Wind Energy Companies: Blown Away?

Beginning last September, major wind stocks went on a quarter-long plunge, losing well over 60% of their value in some cases.

Here’s the chart:

Top Wind Energy Companies

However, just after the election, which probably isn’t a coincidence, wind energy stocks, even foreign ones, began to rise again, as evidenced by the last few months on that chart.

Thing is, even after the slight price increases of the past month or so, wind companies are still far off–over 40% in most cases–they’re 52-week highs, which means there is a lot of upside ahead.

There is plenty of ‘good’ to come but first, we have to deal with the ‘bad.’

Just a year ago, wind turbines were selling like hotcakes. In some cases, turbine manufacturers had order backlogs of up to two years. Now, a glut has erupted, and European wind companies think they’ll need until 2012 to work through inventory once scheduled for installation in 2010.

The cause of the delay? Rising financing costs in a very capital-intensive industry. At an average cost per kilowatt in 2008 of $1,700, a standard 1 MW turbine comes with a price tag of $1.7 million. Just one of ‘em!

Tack on land purchase, right of ways, transmission, installation, insurance, and more… and you’re looking at a very pricey industry. Now, with the cost of capital and credit rising, some planned projects are now longer viable, lengthening project lead times or canceling them altogether, and softening demand in the process.

I imagine we’ll have some small players that rely on external project finances to drop out of the game completely. Cash-rich wind developers, like Florida Power & Light (NYSE: FPL) in the States and Iberdrola Renovables across the pond should continue to purchase and install turbines, albeit at a slower rate.
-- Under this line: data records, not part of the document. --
text \<open>The equivalence of (i) and (ii) is just the factorisation of \<open>\<eta>\<close> through \<open>\<mu>\<close>.
  Since \<open>\<mu> = \<Sigma>\<^sub>\<mu>\<^sub>b \<Sigma>\<^sub>b\<inverse>\<close> and \<open>\<eta> = \<Sigma>\<^sub>\<eta>\<^sub>b \<Sigma>\<^sub>b\<inverse>\<close> are linear, (ii) says
  \<open>ker \<mu> \<subseteq> ker \<eta>\<close>, which is (iii) because \<open>\<Sigma>\<^sub>b\<inverse>\<close> is onto. For (iv), read off the blocks
  \<open>(\<eta>, b)\<close> and \<open>(\<mu>, b)\<close> of \<open>\<Pi> \<Sigma> = 1\<close>: since \<open>\<Pi>\<^sub>\<eta>\<^sub>\<mu> = 0\<close> they give
  \<open>\<Pi>\<^sub>\<eta> \<Sigma>\<^sub>\<eta>\<^sub>b = - \<Pi>\<^sub>\<eta>\<^sub>b \<Sigma>\<^sub>b\<close> and \<open>\<Pi>\<^sub>\<mu> \<Sigma>\<^sub>\<mu>\<^sub>b = - \<Pi>\<^sub>\<mu>\<^sub>b \<Sigma>\<^sub>b\<close>. The diagonal blocks
  \<open>\<Pi>\<^sub>\<eta>\<close>, \<open>\<Pi>\<^sub>\<mu>\<close> and \<open>\<Sigma>\<^sub>b\<close> are invertible as principal submatrices of positive definite
  matrices, hence \<open>ker \<Sigma>\<^sub>\<eta>\<^sub>b = \<Sigma>\<^sub>b\<inverse> ker \<Pi>\<^sub>\<eta>\<^sub>b\<close> and \<open>ker \<Sigma>\<^sub>\<mu>\<^sub>b = \<Sigma>\<^sub>b\<inverse> ker \<Pi>\<^sub>\<mu>\<^sub>b\<close>.\<close>

definition positive_definite :: "real^'n^'n \<Rightarrow> bool" where
  "positive_definite A \<longleftrightarrow> (\<forall>x. x \<noteq> 0 \<longrightarrow> 0 < x \<bullet> (A *v x))"

definition submatrix :: "'a^'n^'m \<Rightarrow> ('k \<Rightarrow> 'm) \<Rightarrow> ('l \<Rightarrow> 'n) \<Rightarrow> 'a^'l^'k" where
  "submatrix M R C = (\<chi> i j. M $ R i $ C j)"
Some analysts have even said that capital expenditures for wind projects could be down as much as 30% over the next two years. And new installed global capacity will rise 14% this year, only half the typical annual growth rate witnessed the past few years.
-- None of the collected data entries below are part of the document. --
lemma binary_form_on_line_poly:
  assumes supp: "\<And>p q. c p q \<noteq> 0 \<Longrightarrow> p + q = d"
  obtains C where "degree C \<le> d" "\<And>u. poly C u = binary_form c M (omega * u + omega\<^sup>2) (omega\<^sup>2 * u + omega)"
proof
  define C where "C = (\<Sum>p\<le>M. \<Sum>q\<le>M. smult (c p q) ([:omega\<^sup>2, omega:] ^ p * [:omega, omega\<^sup>2:] ^ q))"
  show "poly C u = binary_form c M (omega * u + omega\<^sup>2) (omega\<^sup>2 * u + omega)" for u
    by (simp add: C_def binary_form_def poly_sum algebra_simps)
  show "degree C \<le> d"
    unfolding C_def
  proof (intro degree_sum_le)
    fix p q
    show "degree (smult (c p q) ([:omega\<^sup>2, omega:] ^ p * [:omega, omega\<^sup>2:] ^ q)) \<le> d"
    proof (cases "c p q = 0")
      case False
      have "degree ([:omega\<^sup>2, omega:] ^ p * [:omega, omega\<^sup>2:] ^ q) \<le> p + q"
        using degree_mult_le[of "[:omega\<^sup>2, omega:] ^ p" "[:omega, omega\<^sup>2:] ^ q"]
          degree_power_le[of "[:omega\<^sup>2, omega:]" p] degree_power_le[of "[:omega, omega\<^sup>2:]" q]
        by (simp add: omega_neq_0)
      then show ?thesis
        using supp[OF False] by simp
    qed simp
  qed auto
qed

lemma binary_form_vanishes_on_line:
  assumes supp: "\<And>p q. c p q \<noteq> 0 \<Longrightarrow> p + q = d"
    and plane: "\<And>x y z. x + y + z = 0 \<Longrightarrow>
      x ^ (2 * d) * binary_form c M y z + y ^ (2 * d) * binary_form c M z x
        + z ^ (2 * d) * binary_form c M x y = 0"
  shows "binary_form c M (omega * u + omega\<^sup>2) (omega\<^sup>2 * u + omega) = 0"
proof -
  obtain C where deg_C: "degree C \<le> d"
    and poly_C: "\<And>u. poly C u = binary_form c M (omega * u + omega\<^sup>2) (omega\<^sup>2 * u + omega)"
    using binary_form_on_line_poly[OF supp] by blast
  define tau where "tau = [:1, 1:] ^ (2 * d) * C"
  have "degree tau \<le> 3 * d"
  proof -
    have "degree tau \<le> degree ([:1, 1 :: complex:] ^ (2 * d)) + degree C"
      unfolding tau_def by (rule degree_mult_le)
    also have "\<dots> \<le> 2 * d + d"
      using deg_C by (intro add_mono order_trans[OF degree_power_le]) auto
    finally show ?thesis
      by simp
  qed
  have "poly tau u = line_term c M d u" for u
    by (simp add: tau_def line_term_def poly_C add.commute)
  then have "coeff tau i = 0" if "3 dvd i" for i
    using coeff_eq_0_if_rotation_sum_eq_0 line_term_rotation_sum[OF supp plane] that by metis
  then have "{e. coeff tau e \<noteq> 0} \<subseteq> {e. e \<le> 3 * d \<and> \<not> 3 dvd e}"
    using le_degree \<open>degree tau \<le> 3 * d\<close> by fastforce
  then have "card {e. coeff tau e \<noteq> 0} \<le> 2 * d"
    using card_mono[of "{e. e \<le> 3 * d \<and> \<not> 3 dvd e}"] card_non_multiples_of_3[of d] by simp
  then have "tau = 0"
    unfolding tau_def by (rule one_plus_X_power_mult_eq_0_if_sparse)
  then have "C = 0"
    by (simp add: tau_def)
  then show ?thesis
    using poly_C[of u] by simp
qed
To ride out the slowdown, major producers like Vestas (COP: VWS) and Gamesa (MCE: GAM) announced temporary plant closures last quarter.

But it’s not all bad.

Top Wind Energy Companies: Bottom Fishing

As I said, major wind companies are still down about 40% over the past few months, up just bit from their 60% dips in September and October. I think most further financial risk has already been priced in, and we’ll likely see these stocks trade sideways for some time.
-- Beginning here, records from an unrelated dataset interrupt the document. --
(* Let $A$ be a uniform Kan complex, $\pi:B\to A^{\mathrm{I}}$ a uniform Kan fibration, and $b:A\to B$ a map with $\pi\circ b=r$, where $r:A\to A^{\mathrm{I}}$ is the constant-path map. Then there is a map $j:A^{\mathrm{I}}\to B$ with $\pi\circ j=1_{A^{\mathrm{I}}}$.
   Context: Let $\mathbb{B}$ be the category of finite sets $[n]=\{\bot,x_1,\dots,x_n,\top\}$ ($n\ge0$, $\bot\ne\top$) and functions preserving $\bot,\top$; cartesian cubical sets are presheaves on $\mathbb{B}^{op}$. $\mathrm{I}^n$ is the representable on $[n]$, $\mathrm{I}^n\cong\mathrm{I}\times\dots\times\mathrm{I}$, $\mathrm{I}=\mathrm{I}^1$, $\mathrm{I}^0=1$; the two maps $[1]\to[0]$ give endpoints $0,1:1\to\mathrm{I}$. $A^{\mathrm{I}}$ is the exponential and $r:A\to A^{\mathrm{I}}$ is induced by $\mathrm{I}\to1$. For $1\le i\le n$, $d\in\{0,1\}$, the face $\alpha_i^d:\mathrm{I}^{n-1}\to\mathrm{I}^n$ inserts $d$ in coordinate $i$; for $e\in\{0,1\}$ the open box $\sqcup^n_e\rightarrowtail\mathrm{I}^n$ is the union of the images of all faces $\alpha_i^d$ with $(i,d)\ne(1,e)$, with inclusion $i^n_e$. A uniform Kan fibration structure on $f:Y\to X$ consists of, for each $n\ge1$, $e\in\{0,1\}$, $k\ge1$ and each commutative square $b':\mathrm{I}^k\times\sqcup^n_e\to Y$, $a:\mathrm{I}^k\times\mathrm{I}^n\to X$ with $fb'=a(1\times i^n_e)$, a chosen filler $\phi(a,b'):\mathrm{I}^k\times\mathrm{I}^n\to Y$ with $\phi(a,b')(1\times i^n_e)=b'$ and $f\phi(a,b')=a$, such that $\phi(a,b')\circ(\alpha\times1)=\phi(a(\alpha\times1),b'(\alpha\times1))$ for all $\alpha:\mathrm{I}^j\to\mathrm{I}^k$ ($j\ge1$). A uniform Kan complex is a cubical set $A$ with a uniform Kan fibration structure on $A\to1$. *)

theory Defs
  imports Main
begin

text \<open>Elements of [n] = {bot, x_1, ..., x_n, top}: Bot, Top, and Var i for 0 <= i < n
  (Var i stands for x_(i+1)).\<close>
datatype pt = Bot | Top | Var nat

definition pts :: "nat \<Rightarrow> pt set" where
  "pts n = {Bot, Top} \<union> Var ` {..<n}"

text \<open>A morphism [m] -> [n] of B preserving bot and top is determined by the images of
  x_1..x_m; it is stored as a function nat => pt (value at index i = image of x_(i+1)),
  canonically Bot at indices >= m.\<close>
definition hom :: "nat \<Rightarrow> nat \<Rightarrow> (nat \<Rightarrow> pt) set" where
  "hom m n = {f. (\<forall>i<m. f i \<in> pts n) \<and> (\<forall>i\<ge>m. f i = Bot)}"

fun ext :: "(nat \<Rightarrow> pt) \<Rightarrow> pt \<Rightarrow> pt" where
  "ext g Bot = Bot" | "ext g Top = Top" | "ext g (Var j) = g j"

definition bcomp :: "(nat \<Rightarrow> pt) \<Rightarrow> (nat \<Rightarrow> pt) \<Rightarrow> (nat \<Rightarrow> pt)" where
  "bcomp g f = ext g \<circ> f"

definition bid :: "nat \<Rightarrow> (nat \<Rightarrow> pt)" where
  "bid n = (\<lambda>i. if i < n then Var i else Bot)"

section \<open>Cartesian cubical sets (functors B -> Set, i.e. presheaves on B^op)\<close>

text \<open>act X m n f x : the action X(f) : X(m) -> X(n) of f \<in> hom m n.\<close>
record 'a cset =
  carrier :: "nat \<Rightarrow> 'a set"
  act :: "nat \<Rightarrow> nat \<Rightarrow> (nat \<Rightarrow> pt) \<Rightarrow> 'a \<Rightarrow> 'a"

definition is_cset :: "'a cset \<Rightarrow> bool" where
  "is_cset X \<longleftrightarrow>
     (\<forall>m n f x. f \<in> hom m n \<longrightarrow> x \<in> carrier X m \<longrightarrow> act X m n f x \<in> carrier X n) \<and>
     (\<forall>m x. x \<in> carrier X m \<longrightarrow> act X m m (bid m) x = x) \<and>
     (\<forall>m n p f g x. f \<in> hom m n \<longrightarrow> g \<in> hom n p \<longrightarrow> x \<in> carrier X m \<longrightarrow>
        act X n p g (act X m n f x) = act X m p (bcomp g f) x)"

text \<open>Morphisms (natural transformations), represented extensionally
  (value undefined outside the carrier).\<close>
definition morphism :: "'a cset \<Rightarrow> 'b cset \<Rightarrow> (nat \<Rightarrow> 'a \<Rightarrow> 'b) \<Rightarrow> bool" where
  "morphism X Y h \<longleftrightarrow>
     (\<forall>m x. x \<in> carrier X m \<longrightarrow> h m x \<in> carrier Y m) \<and>
     (\<forall>m n f x. f \<in> hom m n \<longrightarrow> x \<in> carrier X m \<longrightarrow> h n (act X m n f x) = act Y m n f (h m x)) \<and>
     (\<forall>m x. x \<notin> carrier X m \<longrightarrow> h m x = undefined)"

definition mid :: "'a cset \<Rightarrow> (nat \<Rightarrow> 'a \<Rightarrow> 'a)" where
  "mid X = (\<lambda>m x. if x \<in> carrier X m then x else undefined)"

definition mcomp :: "'a cset \<Rightarrow> (nat \<Rightarrow> 'b \<Rightarrow> 'c) \<Rightarrow> (nat \<Rightarrow> 'a \<Rightarrow> 'b) \<Rightarrow> (nat \<Rightarrow> 'a \<Rightarrow> 'c)" where
  "mcomp X g h = (\<lambda>m x. if x \<in> carrier X m then g m (h m x) else undefined)"

definition terminal :: "unit cset" where
  "terminal = \<lparr>carrier = (\<lambda>m. {()}), act = (\<lambda>m n f x. ())\<rparr>"

definition to_terminal :: "'a cset \<Rightarrow> (nat \<Rightarrow> 'a \<Rightarrow> unit)" where
  "to_terminal X = (\<lambda>m x. if x \<in> carrier X m then () else undefined)"

definition cprod :: "'a cset \<Rightarrow> 'b cset \<Rightarrow> ('a \<times> 'b) cset" where
  "cprod X Y = \<lparr>carrier = (\<lambda>m. carrier X m \<times> carrier Y m),
                act = (\<lambda>m n f p. (act X m n f (fst p), act Y m n f (snd p)))\<rparr>"

definition mprod :: "'a cset \<Rightarrow> 'b cset \<Rightarrow> (nat \<Rightarrow> 'a \<Rightarrow> 'c) \<Rightarrow> (nat \<Rightarrow> 'b \<Rightarrow> 'd)
    \<Rightarrow> (nat \<Rightarrow> 'a \<times> 'b \<Rightarrow> 'c \<times> 'd)" where
  "mprod X1 X2 h1 h2 = (\<lambda>m p. if p \<in> carrier X1 m \<times> carrier X2 m
                                then (h1 m (fst p), h2 m (snd p)) else undefined)"

definition sub :: "'a cset \<Rightarrow> (nat \<Rightarrow> 'a set) \<Rightarrow> 'a cset" where
  "sub X S = X\<lparr>carrier := S\<rparr>"

text \<open>The representable I^n on [n]: I^n(m) = hom n m.\<close>
definition cube :: "nat \<Rightarrow> (nat \<Rightarrow> pt) cset" where
  "cube n = \<lparr>carrier = (\<lambda>m. hom n m), act = (\<lambda>m p g h. bcomp g h)\<rparr>"

text \<open>Yoneda image of g \<in> hom n m: the map I^m -> I^n.\<close>
definition ymap :: "nat \<Rightarrow> (nat \<Rightarrow> pt) \<Rightarrow> (nat \<Rightarrow> (nat \<Rightarrow> pt) \<Rightarrow> (nat \<Rightarrow> pt))" where
  "ymap m g = (\<lambda>p h. if h \<in> hom m p then bcomp h g else undefined)"

text \<open>The face alpha_i^d : I^(n-1) -> I^n (1 <= i <= n) is the Yoneda image of the
  B-morphism [n] -> [n-1] sending x_i to d (d = False: bot, i.e. endpoint 0;
  d = True: top, endpoint 1) and the other variables in order to x_1..x_(n-1).\<close>
definition face :: "nat \<Rightarrow> nat \<Rightarrow> bool \<Rightarrow> (nat \<Rightarrow> pt)" where
  "face n i d = (\<lambda>j. if j < i - 1 then Var j
                     else if j = i - 1 then (if d then Top else Bot)
                     else if j < n then Var (j - 1) else Bot)"

definition obox_carrier :: "nat \<Rightarrow> bool \<Rightarrow> nat \<Rightarrow> (nat \<Rightarrow> pt) set" where
  "obox_carrier n e m = {h. \<exists>i d. 1 \<le> i \<and> i \<le> n \<and> (i, d) \<noteq> (1, e) \<and>
                              h \<in> ymap (n - 1) (face n i d) m ` hom (n - 1) m}"

definition obox :: "nat \<Rightarrow> bool \<Rightarrow> (nat \<Rightarrow> pt) cset" where
  "obox n e = sub (cube n) (obox_carrier n e)"

type_synonym 'a path = "nat \<Rightarrow> (nat \<Rightarrow> pt) \<times> (nat \<Rightarrow> pt) \<Rightarrow> 'a"

text \<open>Exponential A^I: (A^I)(n) = maps I^n x I -> A, acting by precomposition with
  y(g) x 1.\<close>
definition expI :: "'a cset \<Rightarrow> 'a path cset" where
  "expI A = \<lparr>carrier = (\<lambda>n. {\<phi>. morphism (cprod (cube n) (cube 1)) A \<phi>}),
             act = (\<lambda>n m g \<phi>. mcomp (cprod (cube m) (cube 1)) \<phi>
                                 (mprod (cube m) (cube 1) (ymap m g) (mid (cube 1))))\<rparr>"

text \<open>r : A -> A^I induced by I -> 1: a \<in> A(n) goes to I^n x I -> I^n -> A.\<close>
definition constpath :: "'a cset \<Rightarrow> (nat \<Rightarrow> 'a \<Rightarrow> 'a path)" where
  "constpath A = (\<lambda>n a. if a \<in> carrier A n then
       (\<lambda>p ht. if ht \<in> hom n p \<times> hom 1 p then act A n p (fst ht) a else undefined)
     else undefined)"

definition boxdom :: "nat \<Rightarrow> nat \<Rightarrow> bool \<Rightarrow> ((nat \<Rightarrow> pt) \<times> (nat \<Rightarrow> pt)) cset" where
  "boxdom k n e = cprod (cube k) (obox n e)"

definition cubedom :: "nat \<Rightarrow> nat \<Rightarrow> ((nat \<Rightarrow> pt) \<times> (nat \<Rightarrow> pt)) cset" where
  "cubedom k n = cprod (cube k) (cube n)"

text \<open>phi n e k a b' is the chosen filler.\<close>
definition ukf_structure :: "'x cset \<Rightarrow> 'y cset \<Rightarrow> (nat \<Rightarrow> 'y \<Rightarrow> 'x)
   \<Rightarrow> (nat \<Rightarrow> bool \<Rightarrow> nat \<Rightarrow> (nat \<Rightarrow> (nat \<Rightarrow> pt) \<times> (nat \<Rightarrow> pt) \<Rightarrow> 'x)
        \<Rightarrow> (nat \<Rightarrow> (nat \<Rightarrow> pt) \<times> (nat \<Rightarrow> pt) \<Rightarrow> 'y)
        \<Rightarrow> (nat \<Rightarrow> (nat \<Rightarrow> pt) \<times> (nat \<Rightarrow> pt) \<Rightarrow> 'y)) \<Rightarrow> bool" where
  "ukf_structure X Y f \<phi> \<longleftrightarrow>
    (\<forall>n e k a b'. 1 \<le> n \<longrightarrow> 1 \<le> k \<longrightarrow>
       morphism (cubedom k n) X a \<longrightarrow> morphism (boxdom k n e) Y b' \<longrightarrow>
       mcomp (boxdom k n e) f b' = mcomp (boxdom k n e) a (mid (boxdom k n e)) \<longrightarrow>
         morphism (cubedom k n) Y (\<phi> n e k a b') \<and>
         mcomp (boxdom k n e) (\<phi> n e k a b') (mid (boxdom k n e)) = b' \<and>
         mcomp (cubedom k n) f (\<phi> n e k a b') = a \<and>
         (\<forall>j \<alpha>. 1 \<le> j \<longrightarrow> morphism (cube j) (cube k) \<alpha> \<longrightarrow>
            mcomp (cubedom j n) (\<phi> n e k a b') (mprod (cube j) (cube n) \<alpha> (mid (cube n)))
            = \<phi> n e j (mcomp (cubedom j n) a (mprod (cube j) (cube n) \<alpha> (mid (cube n))))
                       (mcomp (boxdom j n e) b' (mprod (cube j) (obox n e) \<alpha> (mid (obox n e))))))"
That doesn’t mean now isn’t a good time to pick up some shares. The aforementioned Vestas and Gamesa are ripe for the pickin’. Nordex (XETRA: NDX1) is sorely undervalued, trading below 9 euro near its 52-week low. Suzlon (NSE: SUZLON) also looks good.

You see, with nearly all further risk priced in, any good news or signs of market recovery will give these stocks a boost. And there’s plenty of it looming.

For starters, Obama is about to take office and ram a green agenda through Congress disguised as a near-$1 trillion infrastructure stimulus. Just last week he called for doubling our use of renewables in the next three years. Wind will have to supply the brunt of that capacity.

If the build-out happens, construction companies that build wind farms will also be on the menu. I like Foster Wheeler (NASDAQ: FWLT), TransAlta (NYSE: TAC), ABB (NYSE: ABB), and Tetra Tech (NASDAQ: TTEK).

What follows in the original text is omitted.